Нет. Уж лучше так, на Дороге. По крайней мере иллюзию свободы я здесь имею.
Я задрал голову вверх, скользнул взглядом по серовато-коричневому стволу дерева, на нем кое-где проступили янтарные капли смолы… Запутался в сплетении веток, цветов. Интересно, яблоко из этого сада?
Яблоко было вкусным, чуть-чуть отдавало грушей: гибрид, наверное…
Вот и ты гибрид, Алексей Павлович. Может, с виду такой же человек, как и остальные, но что-то же в тебе отличается от других, если ты можешь проводить груженые автопоезда в иные миры, а другие люди — нет. Чем же ты таким отличаешься, мутант доморощенный?
— Ты к кому обращаешься?
Я подавился яблоком.
Илона. И кажется, последнюю фразу я сказал вслух.
— Встань и нагнись вперед, — она потянула меня за руку, постучала по спине, когда встал.
— Ты всегда так подкрадываешься?! — Кажется, я разозлился.
— А ты всегда такой пугливый? — Ее темно-зеленые глаза смеялись. — Я тебя по всему дому искала. Крус сказал, ты в сад пошел. Я и принесла тебе коврик — ходить-то тебе много еще нельзя, а подстилки никакой ты не догадался попросить.
— У меня куртка есть.
— Что такое куртка? — Илона разложила на траве коврики веселенькой расцветки. — Еще радикулит заработаешь или воспаление легких. Земля еще сырая и холодная, теплые дни недавно стоят.
— Ага, поэтому ты взяла два коврика.
— Ну, — кажется, она немного смутилась, — я думала, у тебя вопросов много, поболтать хотела. Кстати, папа тебя тоже вроде искал.
— И ты решила принести мне коврик. И себе.
Похоже, я все-таки невыносим. И как меня терпят люди?
— Если не хочешь, можешь отправляться в дом. Там папа тебе хочет какое-то задание дать. Чтобы не маялся от безделья. Возможно, помочь Стефану гараж прибрать. Остальные работники как раз на праздник разъехались…
Ее глаза смеялись еще больше. Прямо сыпали лукавыми искорками.
— Что-то я тебе не верю.
— Твое дело, — Илона грациозно опустилась на коврик, скрестила ноги в серых джинсах.
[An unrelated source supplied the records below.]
lemma interior_matched_lists_plus_3:
  "interior_matched_lists (n + 3) =
     (\<lambda>xs. hd xs # xs) ` interior_matched_lists (n + 2) \<union>
     (\<lambda>xs. other_color (hd xs) # hd xs # xs) ` interior_matched_lists (n + 1)"
proof (intro equalityI subsetI)
  fix xs assume "xs \<in> interior_matched_lists (n + 3)"
  then obtain x y z zs where xs: "xs = x # y # z # zs" "length zs = n"
    and matched: "y = x \<or> y = z" "interior_matched (y # z # zs)"
    by (auto simp: interior_matched_lists_def numeral_eq_Suc length_Suc_conv)
  show "xs \<in> (\<lambda>xs. hd xs # xs) ` interior_matched_lists (n + 2) \<union>
     (\<lambda>xs. other_color (hd xs) # hd xs # xs) ` interior_matched_lists (n + 1)"
  proof (cases "y = x")
    case True
    then have "xs = hd (y # z # zs) # y # z # zs" using xs by simp
    moreover have "y # z # zs \<in> interior_matched_lists (n + 2)"
      using xs matched by (simp add: interior_matched_lists_def)
    ultimately show ?thesis by blast
  next
    case False
    then have "xs = other_color (hd (z # zs)) # hd (z # zs) # z # zs"
      using xs matched by simp
    moreover have "z # zs \<in> interior_matched_lists (n + 1)"
      using xs matched False by (simp add: interior_matched_lists_def)
    ultimately show ?thesis by blast
  qed
next
  fix xs assume "xs \<in> (\<lambda>xs. hd xs # xs) ` interior_matched_lists (n + 2) \<union>
     (\<lambda>xs. other_color (hd xs) # hd xs # xs) ` interior_matched_lists (n + 1)"
  then show "xs \<in> interior_matched_lists (n + 3)"
    by (auto simp: interior_matched_lists_def interior_matched_Cons_hd length_Suc_conv)
qed

lemma card_interior_matched_lists_plus_3:
  "card (interior_matched_lists (n + 3)) =
     card (interior_matched_lists (n + 2)) + card (interior_matched_lists (n + 1))"
proof -
  let ?dup = "\<lambda>xs. hd xs # xs" and ?alt = "\<lambda>xs. other_color (hd xs) # hd xs # xs"
  have "inj_on ?dup A" "inj_on ?alt A" for A :: "color list set"
    by (auto intro: inj_onI)
  moreover have "?dup ` interior_matched_lists (n + 2) \<inter> ?alt ` interior_matched_lists (n + 1) = {}"
    by (auto dest: arg_cong[of _ _ tl])
  ultimately show ?thesis
    unfolding interior_matched_lists_plus_3
    by (simp add: card_Un_disjoint card_image finite_interior_matched_lists)
qed

lemma card_interior_matched_lists_fib:
  "card (interior_matched_lists (n + 1)) = 2 * fib (n + 2)"
proof (induction n rule: fib.induct)
  case (3 n)
  then show ?case
    using card_interior_matched_lists_plus_3[of n] by (simp add: numeral_eq_Suc)
qed (simp_all add: interior_matched_lists_short numeral_eq_Suc)

lemma interior_matched_if_mm_stable_cycle:
  assumes "n \<ge> 3" "mm_stable {0..<n} (cycle_nbrs n) c"
  shows "interior_matched (map c [0..<n])"
  unfolding interior_matched_iff_nth
proof (intro allI impI)
  fix i assume "i + 2 < length (map c [0..<n])"
  then have i: "i + 2 < n" by simp
  have "c ((i + 1 + 1) mod n) = c (i + 1) \<or> c ((i + 1 + n - 1) mod n) = c (i + 1)"
    using assms(2) i unfolding mm_stable_cycle_iff[OF assms(1)]
    by (metis add_lessD1 add_2_eq_Suc' Suc_eq_plus1)
  moreover have "(i + 1 + 1) mod n = i + 2" "(i + 1 + n - 1) mod n = i"
    using i by simp_all
  ultimately show "map c [0..<n] ! (i + 1) = map c [0..<n] ! i \<or>
                   map c [0..<n] ! (i + 1) = map c [0..<n] ! (i + 2)"
    using i by (auto simp: nth_map_upt)
qed

lemma mm_stable_cycle_if_interior_matched:
  assumes "n \<ge> 3" "length ys = n" "interior_matched ys"
    and "ys ! 1 = ys ! 0" "ys ! (n - 2) = ys ! (n - 1)"
  shows "mm_stable {0..<n} (cycle_nbrs n) (restrict ((!) ys) {0..<n})"
  unfolding mm_stable_cycle_iff[OF assms(1)]
proof (intro allI impI)
  fix i assume i: "i < n"
  consider "i = 0" | "i = n - 1" | "0 < i" "i < n - 1"
    using i by linarith
  then show "restrict ((!) ys) {0..<n} ((i + 1) mod n) = restrict ((!) ys) {0..<n} i \<or>
             restrict ((!) ys) {0..<n} ((i + n - 1) mod n) = restrict ((!) ys) {0..<n} i"
  proof cases
    case 1
    then show ?thesis using assms by simp
  next
    case 2
    then have "(i + n - 1) mod n = n - 2"
      using assms(1) by (simp add: mod_if)
    then show ?thesis using assms 2 by simp
  next
    case 3
    have "ys ! (i - 1 + 1) = ys ! (i - 1) \<or> ys ! (i - 1 + 1) = ys ! (i - 1 + 2)"
      using assms(3) 3 unfolding interior_matched_iff_nth assms(2)
      by (metis Suc_diff_1 add_2_eq_Suc' Suc_eq_plus1 less_diff_conv)
    moreover have "(i + n - 1) mod n = i - 1"
      using 3 by (simp add: mod_if)
    ultimately show ?thesis
      using 3 by (auto simp: Suc_diff_Suc numeral_eq_Suc)
  qed
qed

lemma mm_stable_cycle_double_ends:
  assumes "xs \<noteq> []" "interior_matched xs"
  defines "ys \<equiv> hd xs # xs @ [last xs]"
  shows "mm_stable {0..<length ys} (cycle_nbrs (length ys)) (restrict ((!) ys) {0..<length ys})"
proof (rule mm_stable_cycle_if_interior_matched)
  show "interior_matched ys"
    using interior_matched_Cons_hd[OF interior_matched_snoc_last[OF assms(2)]] assms(1)
    by (simp add: ys_def)
  show "ys ! 1 = ys ! 0" "ys ! (length ys - 2) = ys ! (length ys - 1)"
    using assms(1) by (auto simp: ys_def hd_conv_nth last_conv_nth nth_append)
qed (use assms(1) in \<open>simp_all add: ys_def Suc_le_eq\<close>)

lemma num_stable_cycle_le_card_interior_matched_lists:
  assumes "n \<ge> 3"
  shows "num_stable_cycle n \<le> card (interior_matched_lists n)"
  unfolding num_stable_cycle_def
proof (rule card_inj_on_le[where f = "\<lambda>c. map c [0..<n]"])
  show "inj_on (\<lambda>c. map c [0..<n]) {c \<in> {0..<n} \<rightarrow>\<^sub>E UNIV. mm_stable {0..<n} (cycle_nbrs n) c}"
    by (rule inj_onI) (auto intro: PiE_ext simp: map_eq_conv)
  show "(\<lambda>c. map c [0..<n]) ` {c \<in> {0..<n} \<rightarrow>\<^sub>E UNIV. mm_stable {0..<n} (cycle_nbrs n) c}
          \<subseteq> interior_matched_lists n"
    using interior_matched_if_mm_stable_cycle[OF assms] by (auto simp: interior_matched_lists_def)
qed (rule finite_interior_matched_lists)

lemma card_interior_matched_lists_le_num_stable_cycle:
  assumes "n \<ge> 1"
  shows "card (interior_matched_lists n) \<le> num_stable_cycle (n + 2)"
  unfolding num_stable_cycle_def
proof (rule card_inj_on_le)
  define pad :: "color list \<Rightarrow> color list" where "pad xs = hd xs # xs @ [last xs]" for xs
  let ?coloring = "\<lambda>xs. restrict ((!) (pad xs)) {0..<n + 2}"
  have pad_length: "length (pad xs) = n + 2" if "xs \<in> interior_matched_lists n" for xs
    using that by (simp add: pad_def interior_matched_lists_def)
  show "inj_on ?coloring (interior_matched_lists n)"
  proof (rule inj_onI)
    fix xs ys assume xs: "xs \<in> interior_matched_lists n" and ys: "ys \<in> interior_matched_lists n"
      and same_coloring: "?coloring xs = ?coloring ys"
    have "pad xs ! i = pad ys ! i" if "i < n + 2" for i
      using fun_cong[OF same_coloring, of i] that by simp
    then have "pad xs = pad ys"
      by (intro nth_equalityI) (simp_all add: pad_length xs ys)
    then show "xs = ys"
      by (simp add: pad_def)
  qed
  show "?coloring ` interior_matched_lists n \<subseteq>
          {c \<in> {0..<n + 2} \<rightarrow>\<^sub>E UNIV. mm_stable {0..<n + 2} (cycle_nbrs (n + 2)) c}"
  proof
    fix c assume "c \<in> ?coloring ` interior_matched_lists n"
    then obtain xs where xs: "xs \<in> interior_matched_lists n" and c: "c = ?coloring xs"
      by blast
    then have "xs \<noteq> []" "interior_matched xs"
      using assms by (auto simp: interior_matched_lists_def)
    then show "c \<in> {c \<in> {0..<n + 2} \<rightarrow>\<^sub>E UNIV. mm_stable {0..<n + 2} (cycle_nbrs (n + 2)) c}"
      using mm_stable_cycle_double_ends[of xs] pad_length[OF xs] c by (simp add: pad_def)
  qed
qed (simp add: finite_PiE finite_UNIV_color)

lemma fib_bigtheta_golden_ratio: "(\<lambda>n. real (fib n)) \<in> \<Theta>(\<lambda>n. ((1 + sqrt 5) / 2) ^ n)"
proof -
  have "(\<lambda>n. real (fib n)) \<sim>[at_top] (\<lambda>n. ((1 + sqrt 5) / 2) ^ n / sqrt 5)"
    using fib_asymptotics by (intro asymp_equivI') simp
  then have "(\<lambda>n. real (fib n)) \<in> \<Theta>(\<lambda>n. ((1 + sqrt 5) / 2) ^ n / sqrt 5)"
    by (rule asymp_equiv_imp_bigtheta)
  then show ?thesis
    by simp
qed

lemma num_stable_cycle_between_fib:
  assumes "n \<ge> 3"
  shows "fib n \<le> num_stable_cycle n \<and> num_stable_cycle n \<le> 4 * fib n"
proof -
  obtain m where n: "n = m + 3"
    using assms by (metis add.commute le_Suc_ex)
  have fib_n: "fib n = fib (m + 2) + fib (m + 1)"
    using fib_plus_2[of "m + 1"] by (simp add: n numeral_eq_Suc)
  have "fib n \<le> 2 * fib (m + 2)"
    using fib_n fib_mono[of "m + 1" "m + 2"] by simp
  also have "\<dots> = card (interior_matched_lists (m + 1))"
    by (rule card_interior_matched_lists_fib[symmetric])
  also have "\<dots> \<le> num_stable_cycle n"
    using card_interior_matched_lists_le_num_stable_cycle[of "m + 1"] by (simp add: n numeral_eq_Suc)
  finally have lower: "fib n \<le> num_stable_cycle n" .
  have "num_stable_cycle n \<le> card (interior_matched_lists n)"
    by (rule num_stable_cycle_le_card_interior_matched_lists[OF assms])
  also have "\<dots> = 2 * fib (m + 4)"
    using card_interior_matched_lists_fib[of "m + 2"] by (simp add: n numeral_eq_Suc)
  also have "\<dots> = 2 * (fib n + fib (m + 2))"
    using fib_plus_2[of "m + 2"] by (simp add: n numeral_eq_Suc)
  also have "\<dots> \<le> 4 * fib n"
    using fib_n by simp
  finally show ?thesis
    using lower by simp
qed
Очень даже неплохие ноги, должен вам сказать.
— Можешь отправляться пахать в гараж. А я предпочитаю не попадаться на глаза моему милому тирану папочке. Ну?
Я хмуро плюхнулся на коврик, лежащий рядом.
— И о чем ты хочешь со мной поболтать?
— О многом, — она прищурилась, сорвала травинку, сунула в рот. — Как там, на Земле? Кем ты там был, как жил, есть ли у тебя девушка…
— Подожди, это ты мне вопросы задаешь! И при чем моя личная жизнь? Я же не спрашиваю тебя о твоем Жане!
Илона подняла бровь.
— Брось, какой он мой! Да и что о нем говорить, и так все видно: избалованный ребенок тридцати двух лет, страдающий снобизмом. Стоит небось сейчас перед зеркалом и отрабатывает аристократические жесты. А какой он граф? Отец его титул поставками оружия заработал, а раньше в каком-то захолустном мирке интендантом служил да умудрился продать столько со складов, что и за один процент расстреляли бы, если б не унес вовремя ноги. А теперь смотри: фу-ты ну-ты, аристократ, входит в городской совет Столицы…
Ага, так Жан еще и граф!
— Ну, я не знаю, что такое Столица, но кандидатура смазливого графа с хорошим доходом и связями, по-моему, весьма заманчива…
Илона нахмурилась.
— Ты тоже все деньгами измеряешь?
— Жизнь делает нас весьма циничными. Мне, например, их всегда не хватало.
— Для чего?
— Для свободы. Для независимости.
— Независимость деньгами не измеряют, — Илона пристально смотрела мне в глаза, заставляя — ну да! — смущаться.
— Ага, а свобода, это скорее — состояние души… Брось, Илона, ты же знаешь, что человеку практически невозможно быть свободным. Все равно какие-то условности и обстоятельства, привязанности будут оказывать на него влияние, формировать выбор, способы действия…
— Но право делать выбор — это и есть свобода.
— А если я не хочу его делать? Не хочу выбирать из того, что мне предлагают? Даже если я выберу, это не будет моей доброй волей, но безвыходностью. Где же тут свобода?
— Тогда ты должен выбрать мир, где сможешь делать выбор, который не будет разрушать твою личность.